◆ TASK ITEM
Copy each line of the records that contains the word "Pair".
# # #
lemma finite_sigma_covers:
  assumes "finite V"
  shows "finite {sigma_cover V E S | S. total_clique_covering V E S \<and> finite S \<and> card S = theta_t V E}"
proof -
  have "{sigma_cover V E S | S. total_clique_covering V E S \<and> finite S \<and> card S = theta_t V E} =
        sigma_cover V E ` {S. total_clique_covering V E S \<and> finite S \<and> card S = theta_t V E}"
    by blast
  then show ?thesis
    using finite_total_clique_coverings[OF assms] by simp
qed

lemma sigma_code_le:
  assumes "finite V" "coding_candidate V E S p"
  shows "sigma_code V E \<le> coding_sequence V E S p"
proof -
  have "sigma_code V E \<le> sigma_cover V E S"
    unfolding sigma_code_def
    using assms finite_sigma_covers unfolding coding_candidate_def by (intro Min_le) blast+
  also have "\<dots> \<le> coding_sequence V E S p"
    using assms(2) by (rule sigma_cover_le)
  finally show ?thesis .
qed

lemma sigma_code_attained:
  assumes "simple_graph V E"
  obtains S p where "coding_candidate V E S p" "sigma_code V E = coding_sequence V E S p"
proof -
  let ?A = "{sigma_cover V E S | S. total_clique_covering V E S \<and> finite S \<and> card S = theta_t V E}"
  have "finite V"
    using assms unfolding simple_graph_def by blast
  have "finite ?A" "?A \<noteq> {}"
    using finite_sigma_covers[OF \<open>finite V\<close>] minimum_total_clique_covering_exists[OF assms] by blast+
  then have "sigma_code V E \<in> ?A"
    unfolding sigma_code_def by (rule Min_in)
  then obtain S where S: "total_clique_covering V E S" "finite S" "card S = theta_t V E"
      and code: "sigma_code V E = sigma_cover V E S"
    by blast
  obtain p where "coding_candidate V E S p"
    using coding_candidate_exists[OF \<open>finite V\<close> S] by blast
  then show ?thesis
    using sigma_cover_attained that code by metis
qed

lemma coding_candidate_edge_iff:
  assumes "simple_graph V E" "coding_candidate V E S p"
  shows "(u, v) \<in> E \<longleftrightarrow> u \<noteq> v \<and> \<not> coprime (vertex_label V E S p u) (vertex_label V E S p v)"
proof -
  have E: "sym E" "irrefl E"
    using assms(1) unfolding simple_graph_def by blast+
  have S: "total_clique_covering V E S" "finite S"
    using assms(2) unfolding coding_candidate_def by blast+
  show ?thesis
    by (rule edge_iff_not_coprime_vertex_labels[OF E S coding_candidate_inj_on[OF assms(2)]])
      (rule coding_candidate_prime[OF assms(2)])
qed

lemma graph_iso_if_coding_sequence_eq:
  assumes G1: "simple_graph V1 E1" and G2: "simple_graph V2 E2"
    and c1: "coding_candidate V1 E1 S1 p1" and c2: "coding_candidate V2 E2 S2 p2"
    and eq: "coding_sequence V1 E1 S1 p1 = coding_sequence V2 E2 S2 p2"
  shows "graph_iso V1 E1 V2 E2"
proof -
  let ?l1 = "vertex_label V1 E1 S1 p1" and ?l2 = "vertex_label V2 E2 S2 p2"
  have fin: "finite V1" "finite V2"
    using G1 G2 unfolding simple_graph_def by blast+
  have "image_mset ?l1 (mset_set V1) = image_mset ?l2 (mset_set V2)"
    using arg_cong[OF eq, of mset] by (simp add: coding_sequence_eq)
  then obtain h where h: "bij_betw h V1 V2" and lab: "\<And>x. x \<in> V1 \<Longrightarrow> ?l2 (h x) = ?l1 x"
    using bij_betw_of_image_mset_eq[OF fin] by blast
  note edge1 = coding_candidate_edge_iff[OF G1 c1] and edge2 = coding_candidate_edge_iff[OF G2 c2]
  have "(x, y) \<in> E1 \<longleftrightarrow> (h x, h y) \<in> E2" if "x \<in> V1" "y \<in> V1" for x y
  proof -
    have "x \<noteq> y \<longleftrightarrow> h x \<noteq> h y"
      using h that unfolding bij_betw_def inj_on_def by blast
    then show ?thesis
      unfolding edge1 edge2 lab[OF that(1)] lab[OF that(2)] by blast
  qed
  then show ?thesis
    unfolding graph_iso_def using h by blast
qed

definition graph_isomorphism ::
  "('a \<Rightarrow> 'b) \<Rightarrow> 'a set \<Rightarrow> ('a \<times> 'a) set \<Rightarrow> 'b set \<Rightarrow> ('b \<times> 'b) set \<Rightarrow> bool" where
  "graph_isomorphism f V1 E1 V2 E2 \<longleftrightarrow>
     bij_betw f V1 V2 \<and> (\<forall>x\<in>V1. \<forall>y\<in>V1. (x, y) \<in> E1 \<longleftrightarrow> (f x, f y) \<in> E2)"

lemma graph_iso_iff_graph_isomorphism:
  "graph_iso V1 E1 V2 E2 \<longleftrightarrow> (\<exists>f. graph_isomorphism f V1 E1 V2 E2)"
  unfolding graph_iso_def graph_isomorphism_def ..

lemma graph_isomorphismD:
  assumes "graph_isomorphism f V1 E1 V2 E2"
  shows "bij_betw f V1 V2"
    and "x \<in> V1 \<Longrightarrow> y \<in> V1 \<Longrightarrow> (x, y) \<in> E1 \<longleftrightarrow> (f x, f y) \<in> E2"
    and "x \<in> V1 \<Longrightarrow> f x \<in> V2"
    and "w \<in> V2 \<Longrightarrow> \<exists>v\<in>V1. w = f v"
  using assms unfolding graph_isomorphism_def bij_betw_def by auto

lemma graph_isomorphism_inv_into:
  assumes "graph_isomorphism f V1 E1 V2 E2"
  shows "graph_isomorphism (inv_into V1 f) V2 E2 V1 E1"
proof -
  note bij = graph_isomorphismD(1)[OF assms]
  have "(x, y) \<in> E2 \<longleftrightarrow> (inv_into V1 f x, inv_into V1 f y) \<in> E1" if "x \<in> V2" "y \<in> V2" for x y
  proof -
    have "inv_into V1 f x \<in> V1" "inv_into V1 f y \<in> V1"
      using bij that by (simp_all add: bij_betw_def inv_into_into)
    moreover have "f (inv_into V1 f x) = x" "f (inv_into V1 f y) = y"
      using bij that by (simp_all add: bij_betw_def f_inv_into_f)
    ultimately show ?thesis
      using graph_isomorphismD(2)[OF assms] by metis
  qed
  then show ?thesis
    unfolding graph_isomorphism_def using bij_betw_inv_into[OF bij] by blast
qed

lemma is_clique_image:
  assumes "graph_isomorphism f V1 E1 V2 E2" "is_clique V1 E1 C"
  shows "is_clique V2 E2 (f ` C)"
proof -
  have C: "C \<subseteq> V1" "\<And>x y. x \<in> C \<Longrightarrow> y \<in> C \<Longrightarrow> x \<noteq> y \<Longrightarrow> (x, y) \<in> E1"
    using assms(2) unfolding is_clique_def by blast+
  have "(f x, f y) \<in> E2" if "x \<in> C" "y \<in> C" "f x \<noteq> f y" for x y
    using C that graph_isomorphismD(2)[OF assms(1)] by blast
  moreover have "f ` C \<subseteq> V2"
    using C(1) graph_isomorphismD(3)[OF assms(1)] by blast
  ultimately show ?thesis
    unfolding is_clique_def by blast
qed

lemma total_clique_covering_image:
  assumes iso: "graph_isomorphism f V1 E1 V2 E2" and E2: "E2 \<subseteq> V2 \<times> V2"
    and cov: "total_clique_covering V1 E1 S"
  shows "total_clique_covering V2 E2 ((`) f ` S)"
  unfolding total_clique_covering_def
proof (intro conjI ballI)
  show "is_clique V2 E2 C'" if "C' \<in> (`) f ` S" for C'
    using that is_clique_image[OF iso] total_clique_coveringD(1)[OF cov] by blast
  show "\<exists>C'\<in>(`) f ` S. w \<in> C'" if "w \<in> V2" for w
  proof -
    obtain v where "v \<in> V1" "w = f v"
      using graph_isomorphismD(4)[OF iso \<open>w \<in> V2\<close>] by blast
    moreover obtain C where "C \<in> S" "v \<in> C"
      using total_clique_coveringD(2)[OF cov \<open>v \<in> V1\<close>] by blast
    ultimately show ?thesis
      by blast
  qed
  show "case e of (x', y') \<Rightarrow> \<exists>C'\<in>(`) f ` S. x' \<in> C' \<and> y' \<in> C'" if "e \<in> E2" for e
  proof (cases e)
    case (Pair x' y')
    then have "x' \<in> V2" "y' \<in> V2"
      using E2 \<open>e \<in> E2\<close> by blast+
    then obtain x y where xy: "x \<in> V1" "y \<in> V1" "x' = f x" "y' = f y"
      using graph_isomorphismD(4)[OF iso] by metis
    then have "(x, y) \<in> E1"
      using graph_isomorphismD(2)[OF iso] \<open>e \<in> E2\<close> Pair by blast
    then obtain C where "C \<in> S" "x \<in> C" "y \<in> C"
      using total_clique_coveringD(3)[OF cov] by blast
    then show ?thesis
      using xy Pair by blast
  qed
qed

lemma isolated_image_iff:
  assumes iso: "graph_isomorphism f V1 E1 V2 E2"
    and E1: "E1 \<subseteq> V1 \<times> V1" and E2: "E2 \<subseteq> V2 \<times> V2" and v: "v \<in> V1"
  shows "isolated V2 E2 (f v) \<longleftrightarrow> isolated V1 E1 v"
proof -
  have "(\<exists>w. (f v, w) \<in> E2) \<longleftrightarrow> (\<exists>u. (v, u) \<in> E1)"
  proof
    assume "\<exists>w. (f v, w) \<in> E2"
    then obtain w where w: "(f v, w) \<in> E2"
      by blast
    then have "w \<in> V2"
      using E2 by blast
    then obtain u where "u \<in> V1" "w = f u"
      using graph_isomorphismD(4)[OF iso] by blast
    then show "\<exists>u. (v, u) \<in> E1"
      using w graph_isomorphismD(2)[OF iso v] by blast
  next
    assume "\<exists>u. (v, u) \<in> E1"
    then obtain u where u: "(v, u) \<in> E1"
      by blast
    then have "u \<in> V1"
      using E1 by blast
    then show "\<exists>w. (f v, w) \<in> E2"
      using u graph_isomorphismD(2)[OF iso v] by blast
  qed
  then show ?thesis
    unfolding isolated_def using v graph_isomorphismD(3)[OF iso v] by blast
qed

lemma isolated_vertices_image:
  assumes iso: "graph_isomorphism f V1 E1 V2 E2"
    and E1: "E1 \<subseteq> V1 \<times> V1" and E2: "E2 \<subseteq> V2 \<times> V2"
  shows "isolated_vertices V2 E2 = f ` isolated_vertices V1 E1"
proof -
  note bij = graph_isomorphismD(1)[OF iso]
  have "isolated_vertices V2 E2 = {w \<in> V2. isolated V2 E2 w}"
    unfolding isolated_vertices_def isolated_def by blast
  also have "\<dots> = f ` {v \<in> V1. isolated V2 E2 (f v)}"
    using bij unfolding bij_betw_def by blast
  also have "\<dots> = f ` isolated_vertices V1 E1"
    using isolated_image_iff[OF assms] unfolding isolated_vertices_def isolated_def by blast
  finally show ?thesis .
qed

lemma card_isolated_vertices_image:
  assumes iso: "graph_isomorphism f V1 E1 V2 E2"
    and E1: "E1 \<subseteq> V1 \<times> V1" and E2: "E2 \<subseteq> V2 \<times> V2"
  shows "card (isolated_vertices V2 E2) = card (isolated_vertices V1 E1)"
proof -
  have "inj_on f (isolated_vertices V1 E1)"
    using graph_isomorphismD(1)[OF iso]
    by (rule bij_betw_imp_inj_on[THEN inj_on_subset]) (auto simp: isolated_vertices_def isolated_def)
  then show ?thesis
    unfolding isolated_vertices_image[OF assms] by (rule card_image)
qed

lemma theta_t_image_le:
  assumes "simple_graph V1 E1" "graph_isomorphism f V1 E1 V2 E2" "E2 \<subseteq> V2 \<times> V2"
  shows "theta_t V2 E2 \<le> theta_t V1 E1"
proof -
  obtain S where S: "total_clique_covering V1 E1 S" "finite S" "card S = theta_t V1 E1"
    using minimum_total_clique_covering_exists[OF assms(1)] by blast
  have "theta_t V2 E2 \<le> card ((`) f ` S)"
    using total_clique_covering_image[OF assms(2,3) S(1)] S(2) by (simp add: theta_t_le_card)
  also have "\<dots> \<le> card S"
    using S(2) by (rule card_image_le)
  finally show ?thesis
    using S(3) by simp
qed

lemma theta_t_image:
  assumes "simple_graph V1 E1" "simple_graph V2 E2" "graph_isomorphism f V1 E1 V2 E2"
  shows "theta_t V2 E2 = theta_t V1 E1"
proof -
  have "E1 \<subseteq> V1 \<times> V1" "E2 \<subseteq> V2 \<times> V2"
    using assms(1,2) unfolding simple_graph_def by blast+
  then show ?thesis
    using theta_t_image_le[OF assms(1,3)]
      theta_t_image_le[OF assms(2) graph_isomorphism_inv_into[OF assms(3)]] by simp
qed

lemma image_Diff_isolated_singletons:
  assumes iso: "graph_isomorphism f V1 E1 V2 E2"
    and E1: "E1 \<subseteq> V1 \<times> V1" and E2: "E2 \<subseteq> V2 \<times> V2" and S: "S \<subseteq> Pow V1"
  shows "(`) f ` S - isolated_singletons V2 E2 = (`) f ` (S - isolated_singletons V1 E1)"
proof -
  have inj: "inj_on ((`) f) (Pow V1)"
    using graph_isomorphismD(1)[OF iso] by (simp add: bij_betw_def inj_on_image_Pow)
  have "isolated_singletons V2 E2 = (`) f ` isolated_singletons V1 E1"
    unfolding isolated_vertices_image[OF assms(1-3)] by (simp add: image_image)
  moreover have "isolated_singletons V1 E1 \<subseteq> Pow V1"
    unfolding isolated_vertices_def isolated_def by blast
  moreover have "S - isolated_singletons V1 E1 \<subseteq> Pow V1"
    using S by blast
  ultimately show ?thesis
    using inj_on_image_set_diff[OF inj, of S "isolated_singletons V1 E1"] by simp
qed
# # #
◆ REPLY
    case (Pair x' y')
      using graph_isomorphismD(2)[OF iso] \<open>e \<in> E2\<close> Pair by blast
      using xy Pair by blast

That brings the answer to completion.